Anthony Hilliard

No. 3 – Club Malvin
- Position: Shooting guard / small forward
- League: Liga Uruguaya de Básquetbol

Personal information
- Born: June 28, 1986 (age 40) Fayetteville, North Carolina, U.S.
- Listed height: 195 cm (6 ft 5 in)
- Listed weight: 92 kg (203 lb)

Career information
- High school: Seventy-First (Fayetteville, North Carolina)
- College: Elizabeth City State (2005–2009)
- NBA draft: 2009: undrafted
- Playing career: 2009–present

Career history
- 2009–2010: Verviers-Pepinster
- 2010–2011: Okapi Aalstar
- 2011–2012: Artland Dragons
- 2012–2014: Antibes Sharks
- 2014–2015: Bisons Loimaa
- 2015–2016: Tsmoki-Minsk
- 2016: Maccabi Rishon LeZion
- 2017–2018: Enisey
- 2018–2019: Le Portel
- 2019–2020: Champville
- 2020: Benfica
- 2021: Kauhajoki Karhu
- 2021–present: Malvín
- 2022–2023: Taranaki Airs
- 2023: Urunday Universitario
- 2024: Oberá Tenis Club
- 2024: Sayago

Career highlights
- Uruguay Metro League champion (2023); Belarusian League champion (2016); Belarusian Cup winner (2016); French League Pro B champion (2013); NZNBL All-Star Five (2022); NZNBL scoring champion (2022); 2× CIAA Player of the Year (2008, 2009); 2× All-CIAA Team (2008, 2009); CIAA Tournament MVP (2007); CIAA All-Rookie Team (2006);

= Anthony Hilliard =

American basketball player (born 1986)

Anthony Montrel Hilliard (born June 28, 1986) is an American professional basketball player.

==College career==
Hilliard played four years of college basketball for the Elizabeth City State Vikings between 2005 and 2009, where he was named the CIAA Player of the Year in 2008 and 2009.

==Professional career==
Hilliard played his first two professional seasons in Belgium for Verviers-Pepinster (2009–10) and Okapi Aalstar (2010–11).

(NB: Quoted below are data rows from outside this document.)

(* Let $w_1,\dots,w_r\in\mathbb{R}^{2n}$ be pairwise distinct points whose real affine span has dimension at least $3$, and let $f(x)=\sum_{i=1}^r\log|x-w_i|^2$ on $\mathbb{R}^{2n}\setminus\{w_1,\dots,w_r\}$. Then at every critical point of $f$ the Hessian of $f$ has positivity index at least $2n-1$.
   Context: $|\cdot|$ is the Euclidean norm. The positivity index of a symmetric bilinear form is the number of positive eigenvalues of its matrix. *)

theory Defs
  imports "HOL-Analysis.Analysis" "HOL-Computational_Algebra.Polynomial"
begin

definition partial_deriv :: "(real^'n \<Rightarrow> real) \<Rightarrow> 'n \<Rightarrow> real^'n \<Rightarrow> real" where
  "partial_deriv f i x = deriv (\<lambda>t. f (x + t *\<^sub>R axis i 1)) 0"

definition hessian :: "(real^'n \<Rightarrow> real) \<Rightarrow> real^'n \<Rightarrow> real^'n^'n" where
  "hessian f x = (\<chi> i j. partial_deriv (partial_deriv f j) i x)"

definition charpoly :: "real^'n^'n \<Rightarrow> real poly" where
  "charpoly A = det (\<chi> i j. (if i = j then [:0, 1:] else 0) - [:A $ i $ j:])"

definition positivity_index :: "real^'n^'n \<Rightarrow> nat" where
  "positivity_index A = (\<Sum>a\<in>{a. a > 0 \<and> poly (charpoly A) a = 0}. order a (charpoly A))"

end

theory Submission
  imports Defs
begin

text \<open>The Hessian of \<open>u \<mapsto> ln |u|\<^sup>2\<close> is \<open>(2|u|\<^sup>2 I - 4 u u\<^sup>T) / |u|\<^sup>4\<close>. On an orthonormal pair
  \<open>e\<^sub>1, e\<^sub>2\<close> the sum of its two diagonal entries is \<open>4 |u\<^sub>\<bottom>|\<^sup>2 / |u|\<^sup>4 \<ge> 0\<close>, where \<open>u\<^sub>\<bottom>\<close> is
  the component of \<open>u\<close> orthogonal to \<open>e\<^sub>1, e\<^sub>2\<close>. If the Hessian of \<open>f\<close> at \<open>x\<close> had two
  nonpositive eigenvalues, their orthonormal eigenvectors would make the sum of these
  quantities over all \<open>u = x - w\<^sub>k\<close> nonpositive, hence every \<open>u\<^sub>\<bottom>\<close> zero: all the points
  \<open>w\<^sub>k\<close> would lie in the affine plane \<open>x + span {e\<^sub>1, e\<^sub>2}\<close>, contradicting the dimension
  hypothesis. The spectral theorem and the resulting factorisation of the characteristic
  polynomial turn this into the bound on the positivity index.\<close>

section \<open>Spectral theorem for real symmetric matrices\<close>

lemma symmetric_matrix_inner_commute:
  fixes A :: "real^'n^'n"
  assumes "transpose A = A"
  shows "x \<bullet> (A *v y) = (A *v x) \<bullet> y"
  by (metis assms dot_lmul_matrix vector_transpose_matrix)

lemma eq_0_if_quadratic_nonpos:
  fixes a b :: real
  assumes "\<And>t. 2 * t * a + t\<^sup>2 * b \<le> 0"
  shows "a = 0"
proof -
  define s where "s = 1 / (1 + \<bar>b\<bar>)"
  have s: "s > 0" "s * \<bar>b\<bar> < 1"
    unfolding s_def by (auto simp: field_simps)
  have "s * a\<^sup>2 * (2 + s * b) = 2 * (s * a) * a + (s * a)\<^sup>2 * b"
    by (simp add: power2_eq_square algebra_simps)
  also have "\<dots> \<le> 0" by (rule assms)
  finally have "s * a\<^sup>2 * (2 + s * b) \<le> 0" .
  moreover have "2 + s * b > 0"
    using s abs_ge_minus_self[of b] mult_left_mono[of "-b" "\<bar>b\<bar>" s] by linarith
  ultimately have "a\<^sup>2 \<le> 0"
    using s by (simp add: mult_le_0_iff zero_less_mult_iff)
  thus ?thesis by simp
qed

lemma rayleigh_maximizer_is_eigenvector:
  fixes A :: "real^'n^'n"
  assumes sym: "transpose A = A" and S: "subspace S" and inv: "\<And>y. y \<in> S \<Longrightarrow> A *v y \<in> S"
    and v: "v \<in> S" "norm v = 1"
    and max: "\<And>y. y \<in> S \<Longrightarrow> norm y = 1 \<Longrightarrow> y \<bullet> (A *v y) \<le> v \<bullet> (A *v v)"
  shows "A *v v = (v \<bullet> (A *v v)) *\<^sub>R v"
proof -
  define l where "l = v \<bullet> (A *v v)"
  have bound: "y \<bullet> (A *v y) \<le> l * (y \<bullet> y)" if "y \<in> S" for y
  proof (cases "y = 0")
    case False
    have "(1 / norm y)\<^sup>2 * (y \<bullet> (A *v y)) = ((1 / norm y) *\<^sub>R y) \<bullet> (A *v ((1 / norm y) *\<^sub>R y))"
      by (simp add: matrix_vector_mult_scaleR power2_eq_square)
    also have "\<dots> \<le> l"
      unfolding l_def using False that S by (intro max) (auto simp: subspace_scale)
    finally show ?thesis
      using False by (simp add: field_simps dot_square_norm)
  qed simp
  have "w \<bullet> (A *v v - l *\<^sub>R v) = 0" if w: "w \<in> S" for w
  proof (rule eq_0_if_quadratic_nonpos)
    fix t :: real
    have "v + t *\<^sub>R w \<in> S"
      using S v w by (simp add: subspace_add subspace_scale)
    from bound[OF this] show "2 * t * (w \<bullet> (A *v v - l *\<^sub>R v)) + t\<^sup>2 * (w \<bullet> (A *v w) - l * (w \<bullet> w)) \<le> 0"
      using symmetric_matrix_inner_commute[OF sym, of v w] v(2)
      by (simp add: l_def algebra_simps power2_eq_square inner_commute[of w v]
          inner_commute[of "A *v v" w] norm_eq_1)
  qed
  moreover have "A *v v - l *\<^sub>R v \<in> S"
    using S inv v by (simp add: subspace_diff subspace_scale)
  ultimately show ?thesis
    unfolding l_def by (metis inner_eq_zero_iff right_minus_eq)
qed

lemma symmetric_matrix_has_eigenvector_in_invariant_subspace:
  fixes A :: "real^'n^'n"
  assumes sym: "transpose A = A" and S: "subspace S" "S \<noteq> {0}"
    and inv: "\<And>y. y \<in> S \<Longrightarrow> A *v y \<in> S"
  obtains v l where "v \<in> S" "norm v = 1" "A *v v = l *\<^sub>R v"
proof -
  obtain y where y: "y \<in> S" "y \<noteq> 0"
    using S subspace_0 by blast
  let ?K = "S \<inter> sphere 0 1"
  have "(1 / norm y) *\<^sub>R y \<in> ?K"
    using y S by (simp add: subspace_scale)
  hence "?K \<noteq> {}"
    by blast
  moreover have "compact ?K"
    by (simp add: closed_Int_compact closed_subspace S)
  moreover have "continuous_on ?K (\<lambda>y. y \<bullet> (A *v y))"
    by (intro continuous_intros)
  ultimately obtain v where v: "v \<in> ?K" and max: "\<forall>y\<in>?K. y \<bullet> (A *v y) \<le> v \<bullet> (A *v v)"
    using continuous_attains_sup by blast
  have "v \<in> S" "norm v = 1"
    using v by auto
  moreover from this have "A *v v = (v \<bullet> (A *v v)) *\<^sub>R v"
    using max by (intro rayleigh_maximizer_is_eigenvector[OF sym S(1) inv]) auto
  ultimately show ?thesis
    by (rule that)
qed
(* Assume $p$ is unbounded. Fix $m\ge1$ and positive integers $n_1<n_2<\cdots<n_m$. For each $k\ge1$ let $(r^{(k)}_1,\dots,r^{(k)}_m)$ be an $m$-tuple of positive integers with $\sum_{i=1}^m p_{r^{(k)}_i}>0$, such that $\min_{1\le i\le m}r^{(k)}_i\to\infty$ as $k\to\infty$, and such that for every $1\le j<m$, $$\limsup_{k\to\infty}\frac{r^{(k)}_j}{\min_{j<i\le m}r^{(k)}_i}<\infty.$$ Let $$E_k=\bigcup_{i=1}^m\Big\{M_{n_i}=r^{(k)}_i,\ M_{n_j}<r^{(k)}_j\ \text{for all } 1\le j\le m,\ j\ne i\Big\}.$$ Then, as $k\to\infty$, $$\mathbf{P}[E_k]\sim\sum_{i=1}^m\mu^{n_i}p_{r^{(k)}_i}.$$
   Context: Let $p=(p_0,p_1,p_2,\dots)$ be a probability distribution on the nonnegative integers with mean $\mu=\sum_k kp_k\in(0,\infty)$, and let $\tau(p)$ be a Galton–Watson tree with offspring distribution $p$: it starts with a single root at generation $0$, and every vertex independently has $k$ children with probability $p_k$. The out-degree of a vertex is its number of children. $M_n$ denotes the maximal out-degree among the vertices of generation $n$ (with $M_n=0$ if generation $n$ is empty). The distribution $p$ is called unbounded if the set $\{r:p_r>0\}$ is unbounded. *)

theory Defs
  imports "HOL-Probability.Probability"
begin

text \<open>Galton-Watson tree via the Ulam-Harris construction: every potential vertex
  v (a finite list of child indices) carries an independent offspring number
  omega v with law p; the tree consists of the v whose every step stays below the
  offspring count of the parent.\<close>

definition gw_space :: "nat pmf \<Rightarrow> (nat list \<Rightarrow> nat) measure" where
  "gw_space p = PiM UNIV (\<lambda>_. measure_pmf p)"

definition gw_tree :: "(nat list \<Rightarrow> nat) \<Rightarrow> nat list set" where
  "gw_tree \<omega> = {v. \<forall>j < length v. v ! j < \<omega> (take j v)}"

definition gen_max :: "(nat list \<Rightarrow> nat) \<Rightarrow> nat \<Rightarrow> nat" where
  "gen_max \<omega> n = Max (insert 0 (\<omega> ` {v \<in> gw_tree \<omega>. length v = n}))"

definition gw_mean :: "nat pmf \<Rightarrow> real" where
  "gw_mean p = measure_pmf.expectation p real"

end

theory Submission
  imports Defs "HOL-Library.Sublist"
begin

(*
  For a vertex v of generation n_i, the many-to-one formula gives
  sum_v P(v in T, omega v = r_i) = mu^n_i p_(r_i), which is at the same time a union bound
  for the event M_(n_i) = r_i.  Conversely, on {v in T, omega v = r_i} the i-th event of E_k
  can only fail if a vertex outside the subtree of v reaches one of the thresholds -- an
  event independent of omega v whose expected weight tends to 0 -- or if a descendant of v
  in a later generation n_j has at least r_j children, which costs at most
  r_i mu^(n_j - 1) P(xi >= r_j).  The ratio condition makes r_i comparable to r_j, and
  t P(xi >= t) -> 0 for integrable xi, so both error terms are o(mu^n_i p_(r_i)); summing
  over the disjoint events gives the asymptotics.
*)

lemma emeasure_UN_le_nn_integral:
  assumes I: "countable I" and X[measurable]: "\<And>i. i \<in> I \<Longrightarrow> X i \<in> sets M"
  shows "emeasure M (\<Union>i\<in>I. X i) \<le> (\<integral>\<^sup>+i. emeasure M (X i) \<partial>count_space I)"
proof -
  have "indicator (\<Union>i\<in>I. X i) x \<le> (\<integral>\<^sup>+i. indicator (X i) x \<partial>count_space I :: ennreal)" for x
  proof (cases "x \<in> (\<Union>i\<in>I. X i)")
    case True
    then obtain j where j: "j \<in> I" "x \<in> X j" by auto
    have "(1 :: ennreal) = (\<integral>\<^sup>+i. indicator (X i) x * indicator {j} i \<partial>count_space I)"
      using j by simp
    also have "\<dots> \<le> (\<integral>\<^sup>+i. indicator (X i) x \<partial>count_space I)"
      by (intro nn_integral_mono) (auto simp: indicator_def)
    finally show ?thesis using True by simp
  qed simp
  then have "emeasure M (\<Union>i\<in>I. X i) \<le> (\<integral>\<^sup>+x. \<integral>\<^sup>+i. indicator (X i) x \<partial>count_space I \<partial>M)"
    using I X by (subst nn_integral_indicator[symmetric]) (auto intro!: nn_integral_mono sets.countable_UN'')
  also have "\<dots> = (\<integral>\<^sup>+i. emeasure M (X i) \<partial>count_space I)"
    using I by (subst nn_integral_count_space_nn_integral) (auto intro!: nn_integral_cong)
  finally show ?thesis .
qed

In 2011–12, he played in Germany for the Artland Dragons. Between 2012 and 2014, he played in France for Antibes Sharks. He then played in Finland for Bisons Loimaa in 2014–15 and in Belarus for Tsmoki-Minsk in 2015–16. He won a championship in 2016 in the Belarus Premier League.

Hilliard started the 2016–17 season in Israel for Maccabi Rishon LeZion before joining Enisey in January 2017. He continued with Enisey for the 2017–18 season. He returned to France for the 2018–19 season to play for Le Portel.

On August 27, 2019, Hilliard signed with Champville SC in the Lebanese Basketball League. In January 2020, he moved to Portugal to play for Benfica.

In February 2021, Hilliard returned to Finland to play out the 2020–21 season with Kauhajoki Karhu. For the 2021–22 season, he played for Malvín of the Liga Uruguaya de Básquetbol (LUB) in Uruguay.

On May 20, 2022, Hilliard signed with the Taranaki Airs for the rest of the 2022 New Zealand NBL season. In 15 games, he averaged 26.3 points, 5.9 rebounds and 3.6 assists per game.

Hilliard returned to Malvín in Uruguay for the 2022–23 season. He re-joined the Taranaki Airs for the 2023 New Zealand NBL season.

In July 2023, Hilliard joined Urunday Universitario of the Uruguay Metropolitan League. He returned to Malvín for the 2023–24 LUB season.

In May 2024, Hilliard joined Oberá Tenis Club of the La Liga in Argentina. After six games, he joined Sayago of the Uruguay Metropolitan League. He returned to Malvín for the 2024–25 LUB season.